BEGIN

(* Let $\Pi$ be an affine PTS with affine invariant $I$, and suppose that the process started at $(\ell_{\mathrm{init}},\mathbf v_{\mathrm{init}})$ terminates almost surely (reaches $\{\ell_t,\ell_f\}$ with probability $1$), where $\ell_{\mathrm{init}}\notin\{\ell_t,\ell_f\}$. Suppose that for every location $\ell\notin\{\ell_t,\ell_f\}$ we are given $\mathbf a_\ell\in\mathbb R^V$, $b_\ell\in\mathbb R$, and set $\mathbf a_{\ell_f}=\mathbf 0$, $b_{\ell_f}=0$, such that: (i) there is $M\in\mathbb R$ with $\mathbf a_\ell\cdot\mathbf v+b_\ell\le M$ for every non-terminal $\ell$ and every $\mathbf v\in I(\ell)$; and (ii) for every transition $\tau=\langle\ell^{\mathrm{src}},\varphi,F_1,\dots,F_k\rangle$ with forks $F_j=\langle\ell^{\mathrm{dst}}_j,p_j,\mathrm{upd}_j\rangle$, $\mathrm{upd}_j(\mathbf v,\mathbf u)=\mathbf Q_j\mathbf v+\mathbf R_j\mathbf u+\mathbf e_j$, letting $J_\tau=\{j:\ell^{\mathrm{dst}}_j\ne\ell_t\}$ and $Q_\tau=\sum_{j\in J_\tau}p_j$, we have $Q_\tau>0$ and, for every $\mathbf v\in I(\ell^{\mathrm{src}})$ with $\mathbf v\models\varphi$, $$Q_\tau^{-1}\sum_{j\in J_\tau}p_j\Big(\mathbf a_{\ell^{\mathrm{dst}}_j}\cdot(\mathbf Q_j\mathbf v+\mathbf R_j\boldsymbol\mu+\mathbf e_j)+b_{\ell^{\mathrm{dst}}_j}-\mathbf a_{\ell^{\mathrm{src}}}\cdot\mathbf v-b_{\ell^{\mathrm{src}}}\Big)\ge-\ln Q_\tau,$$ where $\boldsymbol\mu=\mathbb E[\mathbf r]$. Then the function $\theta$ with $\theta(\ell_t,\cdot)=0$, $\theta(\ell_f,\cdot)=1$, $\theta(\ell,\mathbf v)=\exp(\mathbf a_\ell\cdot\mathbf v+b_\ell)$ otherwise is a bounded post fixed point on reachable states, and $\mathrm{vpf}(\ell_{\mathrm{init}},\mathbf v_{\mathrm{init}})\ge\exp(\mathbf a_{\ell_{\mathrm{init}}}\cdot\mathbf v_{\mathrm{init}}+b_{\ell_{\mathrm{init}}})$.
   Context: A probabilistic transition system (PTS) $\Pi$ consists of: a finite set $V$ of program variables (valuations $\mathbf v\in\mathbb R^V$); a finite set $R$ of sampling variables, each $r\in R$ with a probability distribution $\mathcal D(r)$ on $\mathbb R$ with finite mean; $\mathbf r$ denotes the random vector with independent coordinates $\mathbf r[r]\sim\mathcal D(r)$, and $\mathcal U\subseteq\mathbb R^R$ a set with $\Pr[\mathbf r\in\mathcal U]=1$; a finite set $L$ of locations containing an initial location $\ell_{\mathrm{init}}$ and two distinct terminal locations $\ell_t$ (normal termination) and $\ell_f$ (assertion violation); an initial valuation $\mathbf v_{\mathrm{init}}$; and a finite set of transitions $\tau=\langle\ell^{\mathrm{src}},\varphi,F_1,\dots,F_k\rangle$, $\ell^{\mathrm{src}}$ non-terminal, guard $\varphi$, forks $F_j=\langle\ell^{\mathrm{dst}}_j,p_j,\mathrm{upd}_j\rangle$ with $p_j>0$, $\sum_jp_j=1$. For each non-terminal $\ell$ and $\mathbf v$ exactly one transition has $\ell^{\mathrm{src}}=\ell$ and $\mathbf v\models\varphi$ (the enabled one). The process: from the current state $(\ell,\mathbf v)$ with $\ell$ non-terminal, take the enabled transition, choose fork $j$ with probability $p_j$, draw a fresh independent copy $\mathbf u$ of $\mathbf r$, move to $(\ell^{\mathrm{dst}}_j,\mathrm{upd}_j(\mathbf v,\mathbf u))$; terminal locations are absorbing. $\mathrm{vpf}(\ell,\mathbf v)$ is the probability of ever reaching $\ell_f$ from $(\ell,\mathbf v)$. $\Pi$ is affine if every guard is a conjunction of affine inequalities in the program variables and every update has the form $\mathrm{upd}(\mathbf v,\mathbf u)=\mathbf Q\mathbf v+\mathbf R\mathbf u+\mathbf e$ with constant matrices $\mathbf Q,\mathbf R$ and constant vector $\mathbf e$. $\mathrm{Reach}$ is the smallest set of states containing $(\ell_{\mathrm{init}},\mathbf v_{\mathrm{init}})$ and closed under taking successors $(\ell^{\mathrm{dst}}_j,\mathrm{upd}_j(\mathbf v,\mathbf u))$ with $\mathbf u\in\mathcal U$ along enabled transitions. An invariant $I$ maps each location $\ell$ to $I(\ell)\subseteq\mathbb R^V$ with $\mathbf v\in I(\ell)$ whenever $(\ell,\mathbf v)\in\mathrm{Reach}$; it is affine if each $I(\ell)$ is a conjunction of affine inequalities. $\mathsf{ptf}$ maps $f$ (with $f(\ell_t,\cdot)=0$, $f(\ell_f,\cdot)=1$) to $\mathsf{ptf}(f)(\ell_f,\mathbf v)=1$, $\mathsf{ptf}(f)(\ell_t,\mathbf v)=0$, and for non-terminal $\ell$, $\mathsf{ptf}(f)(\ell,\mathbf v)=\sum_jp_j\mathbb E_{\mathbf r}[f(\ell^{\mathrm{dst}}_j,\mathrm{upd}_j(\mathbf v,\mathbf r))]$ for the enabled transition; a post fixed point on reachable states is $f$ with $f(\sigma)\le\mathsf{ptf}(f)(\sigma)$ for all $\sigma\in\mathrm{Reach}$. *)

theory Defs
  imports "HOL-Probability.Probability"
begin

END

• **About this exercise**
Set down every record above exactly as given.

• **The completed task**
(* Let $\Pi$ be an affine PTS with affine invariant $I$, and suppose that the process started at $(\ell_{\mathrm{init}},\mathbf v_{\mathrm{init}})$ terminates almost surely (reaches $\{\ell_t,\ell_f\}$ with probability $1$), where $\ell_{\mathrm{init}}\notin\{\ell_t,\ell_f\}$. Suppose that for every location $\ell\notin\{\ell_t,\ell_f\}$ we are given $\mathbf a_\ell\in\mathbb R^V$, $b_\ell\in\mathbb R$, and set $\mathbf a_{\ell_f}=\mathbf 0$, $b_{\ell_f}=0$, such that: (i) there is $M\in\mathbb R$ with $\mathbf a_\ell\cdot\mathbf v+b_\ell\le M$ for every non-terminal $\ell$ and every $\mathbf v\in I(\ell)$; and (ii) for every transition $\tau=\langle\ell^{\mathrm{src}},\varphi,F_1,\dots,F_k\rangle$ with forks $F_j=\langle\ell^{\mathrm{dst}}_j,p_j,\mathrm{upd}_j\rangle$, $\mathrm{upd}_j(\mathbf v,\mathbf u)=\mathbf Q_j\mathbf v+\mathbf R_j\mathbf u+\mathbf e_j$, letting $J_\tau=\{j:\ell^{\mathrm{dst}}_j\ne\ell_t\}$ and $Q_\tau=\sum_{j\in J_\tau}p_j$, we have $Q_\tau>0$ and, for every $\mathbf v\in I(\ell^{\mathrm{src}})$ with $\mathbf v\models\varphi$, $$Q_\tau^{-1}\sum_{j\in J_\tau}p_j\Big(\mathbf a_{\ell^{\mathrm{dst}}_j}\cdot(\mathbf Q_j\mathbf v+\mathbf R_j\boldsymbol\mu+\mathbf e_j)+b_{\ell^{\mathrm{dst}}_j}-\mathbf a_{\ell^{\mathrm{src}}}\cdot\mathbf v-b_{\ell^{\mathrm{src}}}\Big)\ge-\ln Q_\tau,$$ where $\boldsymbol\mu=\mathbb E[\mathbf r]$. Then the function $\theta$ with $\theta(\ell_t,\cdot)=0$, $\theta(\ell_f,\cdot)=1$, $\theta(\ell,\mathbf v)=\exp(\mathbf a_\ell\cdot\mathbf v+b_\ell)$ otherwise is a bounded post fixed point on reachable states, and $\mathrm{vpf}(\ell_{\mathrm{init}},\mathbf v_{\mathrm{init}})\ge\exp(\mathbf a_{\ell_{\mathrm{init}}}\cdot\mathbf v_{\mathrm{init}}+b_{\ell_{\mathrm{init}}})$.
   Context: A probabilistic transition system (PTS) $\Pi$ consists of: a finite set $V$ of program variables (valuations $\mathbf v\in\mathbb R^V$); a finite set $R$ of sampling variables, each $r\in R$ with a probability distribution $\mathcal D(r)$ on $\mathbb R$ with finite mean; $\mathbf r$ denotes the random vector with independent coordinates $\mathbf r[r]\sim\mathcal D(r)$, and $\mathcal U\subseteq\mathbb R^R$ a set with $\Pr[\mathbf r\in\mathcal U]=1$; a finite set $L$ of locations containing an initial location $\ell_{\mathrm{init}}$ and two distinct terminal locations $\ell_t$ (normal termination) and $\ell_f$ (assertion violation); an initial valuation $\mathbf v_{\mathrm{init}}$; and a finite set of transitions $\tau=\langle\ell^{\mathrm{src}},\varphi,F_1,\dots,F_k\rangle$, $\ell^{\mathrm{src}}$ non-terminal, guard $\varphi$, forks $F_j=\langle\ell^{\mathrm{dst}}_j,p_j,\mathrm{upd}_j\rangle$ with $p_j>0$, $\sum_jp_j=1$. For each non-terminal $\ell$ and $\mathbf v$ exactly one transition has $\ell^{\mathrm{src}}=\ell$ and $\mathbf v\models\varphi$ (the enabled one). The process: from the current state $(\ell,\mathbf v)$ with $\ell$ non-terminal, take the enabled transition, choose fork $j$ with probability $p_j$, draw a fresh independent copy $\mathbf u$ of $\mathbf r$, move to $(\ell^{\mathrm{dst}}_j,\mathrm{upd}_j(\mathbf v,\mathbf u))$; terminal locations are absorbing. $\mathrm{vpf}(\ell,\mathbf v)$ is the probability of ever reaching $\ell_f$ from $(\ell,\mathbf v)$. $\Pi$ is affine if every guard is a conjunction of affine inequalities in the program variables and every update has the form $\mathrm{upd}(\mathbf v,\mathbf u)=\mathbf Q\mathbf v+\mathbf R\mathbf u+\mathbf e$ with constant matrices $\mathbf Q,\mathbf R$ and constant vector $\mathbf e$. $\mathrm{Reach}$ is the smallest set of states containing $(\ell_{\mathrm{init}},\mathbf v_{\mathrm{init}})$ and closed under taking successors $(\ell^{\mathrm{dst}}_j,\mathrm{upd}_j(\mathbf v,\mathbf u))$ with $\mathbf u\in\mathcal U$ along enabled transitions. An invariant $I$ maps each location $\ell$ to $I(\ell)\subseteq\mathbb R^V$ with $\mathbf v\in I(\ell)$ whenever $(\ell,\mathbf v)\in\mathrm{Reach}$; it is affine if each $I(\ell)$ is a conjunction of affine inequalities. $\mathsf{ptf}$ maps $f$ (with $f(\ell_t,\cdot)=0$, $f(\ell_f,\cdot)=1$) to $\mathsf{ptf}(f)(\ell_f,\mathbf v)=1$, $\mathsf{ptf}(f)(\ell_t,\mathbf v)=0$, and for non-terminal $\ell$, $\mathsf{ptf}(f)(\ell,\mathbf v)=\sum_jp_j\mathbb E_{\mathbf r}[f(\ell^{\mathrm{dst}}_j,\mathrm{upd}_j(\mathbf v,\mathbf r))]$ for the enabled transition; a post fixed point on reachable states is $f$ with $f(\sigma)\le\mathsf{ptf}(f)(\sigma)$ for all $\sigma\in\mathrm{Reach}$. *)

theory Defs
  imports "HOL-Probability.Probability"
begin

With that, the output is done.